9. The method for identifying the impedance of a new energy unit in a completely black box considering phase angle correction according to claim 6, characterized in that, S3 includes: The Adam optimizer is used, and the initial learning rate, learning rate decay strategy, mini-batch sample size, and maximum number of iterations are set. The deep feedforward neural network is trained using the training set. During the training process, the mean squared error is calculated periodically using the validation set according to the preset training batch. If the mean squared error corresponding to the validation set does not decrease for a preset number of consecutive times, the training is terminated early, and the model parameters with the smallest mean squared error in the validation set are saved as the optimal model parameters, thus obtaining the trained deep neural network.

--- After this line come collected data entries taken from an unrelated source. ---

lemma SOBS_add: "SOBS n g \<Longrightarrow> SOBS n h \<Longrightarrow> SOBS n (g + h)"
  unfolding SOBS_def by (metis (no_types, lifting) Un_iff set_append sum_list_append map_append)

lemma SOBS_sum: "(\<And>i. i \<in> I \<Longrightarrow> SOBS n (g i)) \<Longrightarrow> SOBS n (\<Sum>i\<in>I. g i)"
  by (induction I rule: infinite_finite_induct) (auto simp: SOBS_0 SOBS_add)

lemma SOBS_of_nat_mult: "SOBS n g \<Longrightarrow> SOBS n (of_nat k * g)"
  by (induction k) (auto simp: SOBS_0 SOBS_add algebra_simps)

lemma SOBS_binomial_square:
  assumes "is_monomial n w" "is_monomial n v"
  shows "SOBS n ((w - v) * (w - v))"
proof -
  obtain c \<mu> c' \<mu>' where "Poly_Mapping.keys \<mu> \<subseteq> {..<n}" "w = mono c \<mu>"
    "Poly_Mapping.keys \<mu>' \<subseteq> {..<n}" "v = mono c' \<mu>'"
    using assms unfolding is_monomial_def by blast
  then show ?thesis
    unfolding SOBS_def by (intro exI[of _ "[(c, \<mu>, c', \<mu>')]"]) auto
qed

lemma SOBS_square: "is_monomial n w \<Longrightarrow> SOBS n (w * w)"
  using SOBS_binomial_square[of n w 0] is_monomialI[of 0 n 0] by simp

lemma SOBS_mult_square:
  assumes "is_monomial n w" "SOBS n g"
  shows "SOBS n (w * w * g)"
proof -
  obtain c \<mu> where w: "Poly_Mapping.keys \<mu> \<subseteq> {..<n}" "w = mono c \<mu>"
    using assms(1) unfolding is_monomial_def by blast
  obtain L where L: "\<forall>(a, \<alpha>, b, \<beta>)\<in>set L. Poly_Mapping.keys \<alpha> \<subseteq> {..<n} \<and> Poly_Mapping.keys \<beta> \<subseteq> {..<n}"
    "g = (\<Sum>(a, \<alpha>, b, \<beta>)\<leftarrow>L. (mono a \<alpha> - mono b \<beta>) * (mono a \<alpha> - mono b \<beta>))"
    using assms(2) unfolding SOBS_def by blast
  define M where "M = map (\<lambda>(a, \<alpha>, b, \<beta>). (c * a, \<mu> + \<alpha>, c * b, \<mu> + \<beta>)) L"
  have "w * w * g = (\<Sum>(a, \<alpha>, b, \<beta>)\<leftarrow>M. (mono a \<alpha> - mono b \<beta>) * (mono a \<alpha> - mono b \<beta>))"
    unfolding M_def L(2) w(2) by (induction L) (auto simp: algebra_simps mono_times_mono)
  moreover have "\<forall>(a, \<alpha>, b, \<beta>)\<in>set M. Poly_Mapping.keys \<alpha> \<subseteq> {..<n} \<and> Poly_Mapping.keys \<beta> \<subseteq> {..<n}"
    using L(1) w(1) unfolding M_def by (auto dest!: subsetD[OF keys_add])
  ultimately show ?thesis
    unfolding SOBS_def by blast
qed

lemma SOBS_of_nat_mult_cancel:
  assumes "0 < k" "SOBS n (of_nat k * g)"
  shows "SOBS n g"
proof -
  let ?w = "mono (sqrt (1 / real k)) 0"
  have "of_nat k * (?w * ?w) = 1"
    using assms(1) by (simp add: mono_times_mono of_nat_mult_mono mono_one)
  then have "g = ?w * ?w * (of_nat k * g)"
    by (simp add: ac_simps)
  also have "SOBS n \<dots>"
    by (intro SOBS_mult_square is_monomialI assms(2)) simp
  finally show ?thesis .
qed

lemma SOBS_even_monomial:
  assumes "Poly_Mapping.keys \<gamma> \<subseteq> {..<n}" "\<forall>i<n. even (Poly_Mapping.lookup \<gamma> i)" "0 \<le> c"
  shows "SOBS n (mono c \<gamma>)"
proof -
  define \<eta> where "\<eta> = Poly_Mapping.map (\<lambda>x. x div 2) \<gamma>"
  have lookup_\<eta>: "Poly_Mapping.lookup \<eta> i = Poly_Mapping.lookup \<gamma> i div 2" for i
    unfolding \<eta>_def by (simp add: map.rep_eq when_def)
  have "Poly_Mapping.lookup \<gamma> i = 0" if "\<not> i < n" for i
    using assms(1) that by (auto simp: in_keys_iff)
  then have "\<eta> + \<eta> = \<gamma>"
    using assms(2) by (intro poly_mapping_eqI) (metis lookup_add lookup_\<eta> div_0 add_0 even_two_times_div_two mult_2)
  moreover have "Poly_Mapping.keys \<eta> \<subseteq> Poly_Mapping.keys \<gamma>"
    by (auto simp: in_keys_iff lookup_\<eta>)
  ultimately show ?thesis
    using SOBS_square[of n "mono (sqrt c) \<eta>"] assms(1,3) by (simp add: is_monomialI mono_times_mono)
qed

section \<open>Hurwitz's AM-GM form\<close>

definition agm_gap :: "nat \<Rightarrow> (nat \<Rightarrow> nat) \<Rightarrow> (nat \<Rightarrow> 'a::comm_ring_1) \<Rightarrow> nat \<Rightarrow> 'a" where
  "agm_gap m e x k = (\<Sum>i<m. of_nat (e i) * x i ^ k) - of_nat k * (\<Prod>i<m. x i ^ e i)"

lemma agm_gap_1:
  assumes "(\<Sum>i<m. e i) = 1"
  shows "agm_gap m e x 1 = 0"
proof -
  obtain j where j: "j < m" "e j \<noteq> 0"
    using assms by (metis lessThan_iff sum.neutral zero_neq_one)
  then have "(\<Sum>i<m. e i) = e j + (\<Sum>i\<in>{..<m} - {j}. e i)"
    by (simp add: sum.remove)
  then have "e j = 1" and "(\<Sum>i\<in>{..<m} - {j}. e i) = 0"
    using assms j(2) by linarith+
  then have e: "e i = (if i = j then 1 else 0)" if "i < m" for i
    using that by auto
  have "(\<Sum>i<m. of_nat (e i) * x i ^ 1) = (\<Sum>i<m. if i = j then x i else 0)"
    by (rule sum.cong) (simp_all add: e)
  moreover have "(\<Prod>i<m. x i ^ e i) = (\<Prod>i<m. if i = j then x i else 1)"
    by (rule prod.cong) (simp_all add: e)
  ultimately show ?thesis
    using j(1) by (simp add: agm_gap_def)
qed

lemma sum_fun_upd_decr:
  fixes e :: "nat \<Rightarrow> nat"
  assumes "i < m" "0 < e i"
  shows "(\<Sum>j<m. (e(i := e i - 1)) j) = (\<Sum>j<m. e j) - 1"
  using assms by (simp add: sum.remove[of "{..<m}" i])

lemma sum_of_nat_fun_upd_decr:
  fixes X :: "nat \<Rightarrow> 'a::comm_ring_1"
  assumes "i < m" "0 < e i"
  shows "(\<Sum>j<m. of_nat ((e(i := e i - 1)) j) * X j) = (\<Sum>j<m. of_nat (e j) * X j) - X i"
  using assms by (simp add: sum.remove[of "{..<m}" i] algebra_simps)

lemma prod_power_fun_upd_decr:
  fixes x :: "nat \<Rightarrow> 'a::comm_monoid_mult"
  assumes "i < m" "0 < e i"
  shows "x i * (\<Prod>j<m. x j ^ (e(i := e i - 1)) j) = (\<Prod>j<m. x j ^ e j)"
  using assms by (cases "e i") (simp_all add: prod.remove[of "{..<m}" i] mult.assoc)

lemma sum_weighted_agm_gap_decr:
  fixes x :: "nat \<Rightarrow> 'a::comm_ring_1"
  assumes "(\<Sum>i<m. e i) = Suc k"
  shows "(\<Sum>i<m. of_nat (e i) * x i * agm_gap m (e(i := e i - 1)) x k)
    = (\<Sum>i<m. of_nat (e i) * x i) * (\<Sum>i<m. of_nat (e i) * x i ^ k)
      - (\<Sum>i<m. of_nat (e i) * x i ^ Suc k) - of_nat k * of_nat (Suc k) * (\<Prod>i<m. x i ^ e i)"
proof -
  define S where "S j = (\<Sum>i<m. of_nat (e i) * x i ^ j)" for j
  define P where "P = (\<Prod>i<m. x i ^ e i)"
  have summand: "of_nat (e i) * x i * agm_gap m (e(i := e i - 1)) x k
      = of_nat (e i) * x i * S k - of_nat (e i) * x i ^ Suc k - of_nat k * (of_nat (e i) * P)"
    if "i < m" for i
  proof (cases "e i = 0")
    case False
    define Q where "Q = (\<Prod>j<m. x j ^ (e(i := e i - 1)) j)"
    have gap: "agm_gap m (e(i := e i - 1)) x k = S k - x i ^ k - of_nat k * Q"
      using sum_of_nat_fun_upd_decr[OF that, of e "\<lambda>j. x j ^ k"] False
      by (simp add: agm_gap_def S_def Q_def)
    have "of_nat (e i) * x i * agm_gap m (e(i := e i - 1)) x k
        = of_nat (e i) * x i * S k - of_nat (e i) * x i ^ Suc k - of_nat k * (of_nat (e i) * (x i * Q))"
      unfolding gap by (simp add: algebra_simps)
    also have "x i * Q = P"
      using prod_power_fun_upd_decr[OF that] False by (simp add: P_def Q_def)
    finally show ?thesis .
  qed simp
  have "(\<Sum>i<m. of_nat (e i) * x i * agm_gap m (e(i := e i - 1)) x k)
      = (\<Sum>i<m. of_nat (e i) * x i * S k - of_nat (e i) * x i ^ Suc k - of_nat k * (of_nat (e i) * P))"
    by (rule sum.cong[OF refl], rule summand) simp
  also have "\<dots> = (\<Sum>i<m. of_nat (e i) * x i) * S k - S (Suc k) - of_nat k * (of_nat (\<Sum>i<m. e i) * P)"
    by (simp only: S_def[of "Suc k"] sum_subtractf sum_distrib_left sum_distrib_right of_nat_sum)
  finally show ?thesis
    by (simp add: assms S_def P_def mult.assoc)
qed

lemma sum_pairs_diff_mult_power_diff:
  fixes x :: "nat \<Rightarrow> 'a::comm_ring_1"
  shows "(\<Sum>i<m. \<Sum>j<m. of_nat (e i * e j) * ((x i - x j) * (x i ^ k - x j ^ k)))
    = 2 * (of_nat (\<Sum>i<m. e i) * (\<Sum>i<m. of_nat (e i) * x i ^ Suc k)
      - (\<Sum>i<m. of_nat (e i) * x i) * (\<Sum>i<m. of_nat (e i) * x i ^ k))"
proof -
  have "(\<Sum>i<m. \<Sum>j<m. of_nat (e i * e j) * ((x i - x j) * (x i ^ k - x j ^ k)))
      = (\<Sum>i<m. \<Sum>j<m. of_nat (e i) * x i ^ Suc k * of_nat (e j)
          + of_nat (e i) * (of_nat (e j) * x j ^ Suc k)
          - of_nat (e i) * x i * (of_nat (e j) * x j ^ k)
          - of_nat (e i) * x i ^ k * (of_nat (e j) * x j))"
    by (simp add: algebra_simps)
  also have "\<dots> = (\<Sum>i<m. of_nat (e i) * x i ^ Suc k) * (\<Sum>j<m. of_nat (e j))
      + (\<Sum>i<m. of_nat (e i)) * (\<Sum>j<m. of_nat (e j) * x j ^ Suc k)
      - (\<Sum>i<m. of_nat (e i) * x i) * (\<Sum>j<m. of_nat (e j) * x j ^ k)
      - (\<Sum>i<m. of_nat (e i) * x i ^ k) * (\<Sum>j<m. of_nat (e j) * x j)"
    by (simp only: sum.distrib sum_subtractf sum_product)
  finally show ?thesis
    by (simp add: algebra_simps)
qed

lemma agm_gap_Suc:
  fixes x :: "nat \<Rightarrow> 'a::comm_ring_1"
  assumes "(\<Sum>i<m. e i) = Suc k"
  shows "of_nat (2 * k) * agm_gap m e x (Suc k)
    = 2 * (\<Sum>i<m. of_nat (e i) * x i * agm_gap m (e(i := e i - 1)) x k)
      + (\<Sum>i<m. \<Sum>j<m. of_nat (e i * e j) * ((x i - x j) * (x i ^ k - x j ^ k)))"
  unfolding sum_weighted_agm_gap_decr[OF assms] sum_pairs_diff_mult_power_diff assms
  by (simp add: agm_gap_def algebra_simps)

lemma agm_gap_double:
  fixes x :: "nat \<Rightarrow> 'a::comm_ring_1"
  assumes "\<forall>i<m. u i + v i = e i"
  shows "agm_gap m e x (2 * k)
    = agm_gap m u (\<lambda>i. x i * x i) k + agm_gap m v (\<lambda>i. x i * x i) k
      + of_nat k * ((\<Prod>i<m. x i ^ u i) - (\<Prod>i<m. x i ^ v i))\<^sup>2"
proof -
  have "(\<Sum>i<m. of_nat (e i) * x i ^ (2 * k))
      = (\<Sum>i<m. of_nat (u i) * (x i * x i) ^ k) + (\<Sum>i<m. of_nat (v i) * (x i * x i) ^ k)"
    unfolding sum.distrib[symmetric]
    by (rule sum.cong) (simp_all add: power_mult power2_eq_square distrib_right flip: assms[rule_format])
  moreover have "(\<Prod>i<m. x i ^ e i) = (\<Prod>i<m. x i ^ u i) * (\<Prod>i<m. x i ^ v i)"
    unfolding prod.distrib[symmetric]
    by (rule prod.cong) (simp_all add: flip: power_add assms[rule_format])
  moreover have "(\<Prod>i<m. (x i * x i) ^ w i) = (\<Prod>i<m. x i ^ w i)\<^sup>2" for w
    by (simp add: power_mult_distrib prod.distrib power2_eq_square)
  ultimately show ?thesis
    by (simp add: agm_gap_def power2_eq_square algebra_simps)
qed

lemma SOBS_diff_squares_mult_power_diff:
  assumes "is_monomial n u" "is_monomial n v"
  shows "SOBS n ((u * u - v * v) * ((u * u) ^ k - (v * v) ^ k))"
proof -
  define w where "w l = v ^ (k - Suc l) * u ^ l" for l
  have "(u * u) ^ k - (v * v) ^ k = (u * u - v * v) * (\<Sum>l<k. (v * v) ^ (k - Suc l) * (u * u) ^ l)"
    by (rule power_diff_sumr2)
  then have "(u * u - v * v) * ((u * u) ^ k - (v * v) ^ k)
      = (\<Sum>l<k. w l * w l * ((u * u - v * v) * (u * u - v * v)))"
    by (simp add: w_def sum_distrib_left power_mult_distrib ac_simps)
  also have "SOBS n \<dots>"
    using assms by (intro SOBS_sum SOBS_mult_square SOBS_binomial_square)
      (simp_all add: w_def is_monomial_mult is_monomial_power)
  finally show ?thesis .
qed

10. A black-box impedance identification system for new energy generating units considering phase angle correction, characterized in that, The all-black-box impedance identification method for new energy generating units considering phase angle correction, applicable to any one of claims 1-9, includes: The data acquisition module is used to acquire real-time characteristic data of the new energy unit under the current operating conditions. The real-time characteristic data includes the frequency, operating parameters and dq axis electrical quantities of the new energy unit. The impedance identification module is used to input the real-time feature data into a trained deep feedforward neural network for forward inference to obtain the real and imaginary parts of the positive-sequence impedance and the real and imaginary parts of the negative-sequence impedance of the new energy unit at the corresponding frequency point. The data processing correction module is used to obtain the positive sequence impedance amplitude and positive sequence impedance phase angle at the corresponding frequency point based on the real and imaginary parts of the positive sequence impedance, and to obtain the negative sequence impedance amplitude and negative sequence impedance phase angle at the corresponding frequency point based on the real and imaginary parts of the negative sequence impedance; and to correct the positive sequence impedance phase angle corresponding to the frequency point where the positive sequence impedance amplitude is lower than a preset threshold using linear interpolation to obtain the corrected positive sequence impedance phase angle. The impedance characteristic acquisition module is used to obtain the impedance amplitude-frequency and phase-frequency characteristics of the new energy unit based on the positive sequence impedance amplitude, the corrected positive sequence impedance phase angle, the negative sequence impedance amplitude, and the negative sequence impedance phase angle at each frequency point under the current operating conditions.